Do your best to get a good night’s sleep, exercise as much as you can, talk to others, and see a mental health provider if your anxiety is too high, advises Dr. Barrett. “Even avoiding blue light from phones and screens within 2 hours of bedtime, parking further away from the hospital and walking, and taking the stairs are things that add up in a big way.”

Keep up your normal routine

“Right now, it’s really critical for clinicians to keep up components of their routine that feel ‘normal,’ ” Dr. Rudolph said. “Whether it’s exercise, playing board games with their kids, or spending time on a hobby, it’s critical to allow yourself these comfortable, predictable, and rewarding detours.”

Set limits

People under stress tend to find unhealthy ways to cope. Instead, try being intentional about what you are consuming by putting limits on things like your news, alcohol consumption, and the number of hours you work, said Dr. Harry.

Implement a culture of wellness

Dr. Barrett believes in creating the work culture we want to be in, one that ensures people have psychological safety, allows them to ask for help, encourages them to disconnect completely from work, and makes them feel valued and listened to. She likes the example of “the pause,” which is called by a team member right after a patient expires.

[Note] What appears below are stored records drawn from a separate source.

(* Let $q$ be a prime power and $\Gamma\subseteq\mathbb{F}_q^*$ a multiplicative subgroup. Let $h_1,h_2:\mathbb{F}_q\to\mathbb{C}$ be functions supported on $\Gamma$ and let $g:\mathbb{F}_q\to\mathbb{C}$ be an arbitrary function. Then $$\frac1{|\Gamma|}\sum_{\gamma\in\Gamma}\langle\mathrm{T}^g_\Gamma h_1^\gamma,h_2^\gamma\rangle=\sum_{\alpha=1}^{|\Gamma|}c_\alpha(h_1)\overline{c_\alpha(h_2)}\cdot\langle\mathrm{T}^g_\Gamma f_\alpha,f_\alpha\rangle.$$
   Context: $\mathrm{T}^g_\Gamma$ is the matrix indexed by $\Gamma$ with entries $\mathrm{T}^g_\Gamma(x,y)=g(x-y)$ for $x,y\in\Gamma$, and $\langle\mathrm{T}^g_\Gamma a,b\rangle=\sum_{x,y\in\Gamma}g(x-y)a(y)\overline{b(x)}$. For $\gamma\in\mathbb{F}_q^*$, $h^\gamma(x)=h(\gamma x)$. Let $t=|\Gamma|$, $n=(q-1)/t$, $\mathbf g$ a primitive root, $\Gamma=\{\mathbf g^{nl}:0\le l<t\}$; $\chi_\alpha(\mathbf g^{nl})=e^{2\pi i\alpha l/t}$ on $\Gamma$ and $0$ off $\Gamma$, $f_\alpha=|\Gamma|^{-1/2}\chi_\alpha$ ($\alpha\in[t]$), and $c_\alpha(\varphi)=\sum_{x\in\Gamma}\varphi(x)\overline{f_\alpha(x)}$. *)

theory Defs
  imports "HOL-Analysis.Analysis"
begin

text \<open>The finite field F_q is modelled by a finite field type 'a (q = CARD('a)).\<close>

definition Tform :: "('a::ab_group_add \<Rightarrow> complex) \<Rightarrow> 'a set \<Rightarrow> ('a \<Rightarrow> complex) \<Rightarrow> ('a \<Rightarrow> complex) \<Rightarrow> complex" where
  "Tform g \<Gamma> a b = (\<Sum>x\<in>\<Gamma>. \<Sum>y\<in>\<Gamma>. g (x - y) * a y * cnj (b x))"

definition dil :: "('a::times \<Rightarrow> complex) \<Rightarrow> 'a \<Rightarrow> ('a \<Rightarrow> complex)" where
  "dil h \<gamma> = (\<lambda>x. h (\<gamma> * x))"

definition mult_subgroup :: "'a::field set \<Rightarrow> bool" where
  "mult_subgroup \<Gamma> \<longleftrightarrow> \<Gamma> \<subseteq> - {0} \<and> 1 \<in> \<Gamma> \<and> (\<forall>x\<in>\<Gamma>. \<forall>y\<in>\<Gamma>. x * y \<in> \<Gamma>) \<and> (\<forall>x\<in>\<Gamma>. inverse x \<in> \<Gamma>)"

definition primitive_root :: "'a::{field,finite} \<Rightarrow> bool" where
  "primitive_root pr \<longleftrightarrow> (\<forall>x. x \<noteq> 0 \<longrightarrow> (\<exists>k::nat. x = pr ^ k))"

definition chi :: "'a::{field,finite} \<Rightarrow> 'a set \<Rightarrow> nat \<Rightarrow> 'a \<Rightarrow> complex" where
  "chi pr \<Gamma> \<alpha> x =
     (if x \<in> \<Gamma> then
        (let t = card \<Gamma>; n = (CARD('a) - 1) div t;
             l = (SOME l::nat. l < t \<and> pr ^ (n * l) = x)
         in exp (2 * of_real pi * \<i> * of_nat \<alpha> * of_nat l / of_nat t))
      else 0)"

definition fchi :: "'a::{field,finite} \<Rightarrow> 'a set \<Rightarrow> nat \<Rightarrow> 'a \<Rightarrow> complex" where
  "fchi pr \<Gamma> \<alpha> x = chi pr \<Gamma> \<alpha> x / of_real (sqrt (real (card \<Gamma>)))"

definition coef :: "'a::{field,finite} \<Rightarrow> 'a set \<Rightarrow> nat \<Rightarrow> ('a \<Rightarrow> complex) \<Rightarrow> complex" where
  "coef pr \<Gamma> \<alpha> \<phi> = (\<Sum>x\<in>\<Gamma>. \<phi> x * cnj (fchi pr \<Gamma> \<alpha> x))"

end

theory Submission
  imports Defs
begin

text \<open>
  Since \<open>pr\<close> generates \<open>\<F>\<^sub>q\<^sup>*\<close> and \<open>|\<Gamma>|\<close> divides \<open>q - 1\<close> (Lagrange), the subgroup \<open>\<Gamma>\<close> is
  cyclic, generated by \<open>pr\<^sup>n\<close> with \<open>n = (q - 1) / |\<Gamma>|\<close>. Hence the \<open>\<chi>\<^sub>\<alpha>\<close> are the characters of \<open>\<Gamma>\<close>,
  and geometric sums of roots of unity give both orthogonality relations. The dual one yields
  the expansion \<open>h(\<gamma>y) = \<Sum>\<^sub>\<alpha> c\<^sub>\<alpha>(h) \<chi>\<^sub>\<alpha>(\<gamma>) f\<^sub>\<alpha>(y)\<close> for \<open>\<gamma>, y \<in> \<Gamma>\<close>, so by sesquilinearity each
  \<open>\<langle>T h\<^sub>1\<^sup>\<gamma>, h\<^sub>2\<^sup>\<gamma>\<rangle>\<close> is a double sum over \<open>\<alpha>, \<beta>\<close> weighted by \<open>\<chi>\<^sub>\<alpha>(\<gamma>) \<chi>\<^sub>\<beta>(\<gamma>)\<^sup>*\<close>; averaging over \<open>\<gamma>\<close>
  leaves only the diagonal \<open>\<alpha> = \<beta>\<close> by orthogonality.
\<close>

lemma power_card_eq_one:
  fixes x :: "'a::idom"
  assumes fin: "finite G" and nz: "0 \<notin> G"
    and closed: "\<And>y z. y \<in> G \<Longrightarrow> z \<in> G \<Longrightarrow> y * z \<in> G" and x: "x \<in> G"
  shows "x ^ card G = 1"
proof -
  have inj: "inj_on ((*) x) G"
    using x nz by (auto simp: inj_on_def)
  have "(*) x ` G = G"
    using fin closed x inj by (intro endo_inj_surj) auto
  then have "(\<Prod>y\<in>G. y) = (\<Prod>y\<in>G. x * y)"
    using prod.reindex[OF inj, of id] by simp
  also have "\<dots> = x ^ card G * (\<Prod>y\<in>G. y)"
    by (simp add: prod.distrib)
  finally show ?thesis
    using fin nz by (auto simp: prod_zero_iff)
qed

lemma primitive_root_power_eq_iff:
  fixes pr :: "'a::{field,finite}"
  assumes prim: "primitive_root pr" and "pr \<noteq> 0"
  shows "pr ^ a = pr ^ b \<longleftrightarrow> a mod (CARD('a) - 1) = b mod (CARD('a) - 1)"
proof -
  define N where "N = CARD('a) - 1"
  have card_units: "card (- {0::'a}) = N"
    unfolding N_def by (simp add: Compl_eq_Diff_UNIV card_Diff_singleton)
  have "(1::'a) \<in> - {0}"
    by simp
  then have "- {0::'a} \<noteq> {}"
    by blast
  then have "N > 0"
    unfolding card_units[symmetric] by (simp add: card_gt_0_iff)
  have "pr ^ card (- {0::'a}) = 1"
    by (rule power_card_eq_one) (use \<open>pr \<noteq> 0\<close> in auto)
  then have "pr ^ N = 1"
    unfolding card_units .
  have periodic: "pr ^ k = pr ^ (k mod N)" for k
  proof -
    have "pr ^ k = (pr ^ N) ^ (k div N) * pr ^ (k mod N)"
      by (simp flip: power_mult power_add)
    with \<open>pr ^ N = 1\<close> show ?thesis
      by simp
  qed
  have "(\<lambda>k. pr ^ k) ` {..<N} = - {0}"
  proof
    show "(\<lambda>k. pr ^ k) ` {..<N} \<subseteq> - {0}"
      using \<open>pr \<noteq> 0\<close> by auto
    show "- {0} \<subseteq> (\<lambda>k. pr ^ k) ` {..<N}"
    proof
      fix x :: 'a
      assume "x \<in> - {0}"
      then obtain k where "x = pr ^ k"
        using prim unfolding primitive_root_def by auto
      then have "x = pr ^ (k mod N)"
        using periodic[of k] by simp
      moreover have "k mod N < N"
        using \<open>N > 0\<close> by simp
      ultimately show "x \<in> (\<lambda>k. pr ^ k) ` {..<N}"
        by blast
    qed
  qed
  then have "inj_on (\<lambda>k. pr ^ k) {..<N}"
    by (intro eq_card_imp_inj_on) (simp_all add: card_units)
  then show ?thesis
    using periodic[of a] periodic[of b] \<open>N > 0\<close> unfolding N_def[symmetric]
    by (metis inj_on_eq_iff lessThan_iff mod_less_divisor)
qed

Dr. Eileen Barrett, assistant professor in the division of hospital medicine at the University of New Mexico

Dr. Eileen Barrett

“It’s a 30-second moment of silence where we reflect on the patient, their loved ones, and every member of the health care team who helped support and treat them,” said Dr. Barrett. “At the conclusion, you say: ‘Thank you. Is there anything you need to be able to go back to the care of other patients?’ Because it’s unnatural to have this terrible thing that happened and then just act like nothing happened.”

Target resources

Be proactive and know where to find resources before you need them, advised Dr. Harry. “Most institutions have free mental health resources, either through their employee assistance programs or HR, plus there’s lots of national organizations that are offering free resources to health care providers.”

Focus on what you can control

Separating what is under your control from what is not is a struggle for everyone, Dr. Poorman said, but it’s helpful to think about the ways you can have an impact and what you’re able to control.

“There was a woman who was diagnosed with early-onset Parkinson’s that I heard giving an interview at the beginning of this pandemic,” she said. “It was the most helpful advice I got, which was: ‘Think of the next good thing you can do.’ You can’t fix everything, so what’s the next good thing you can do?”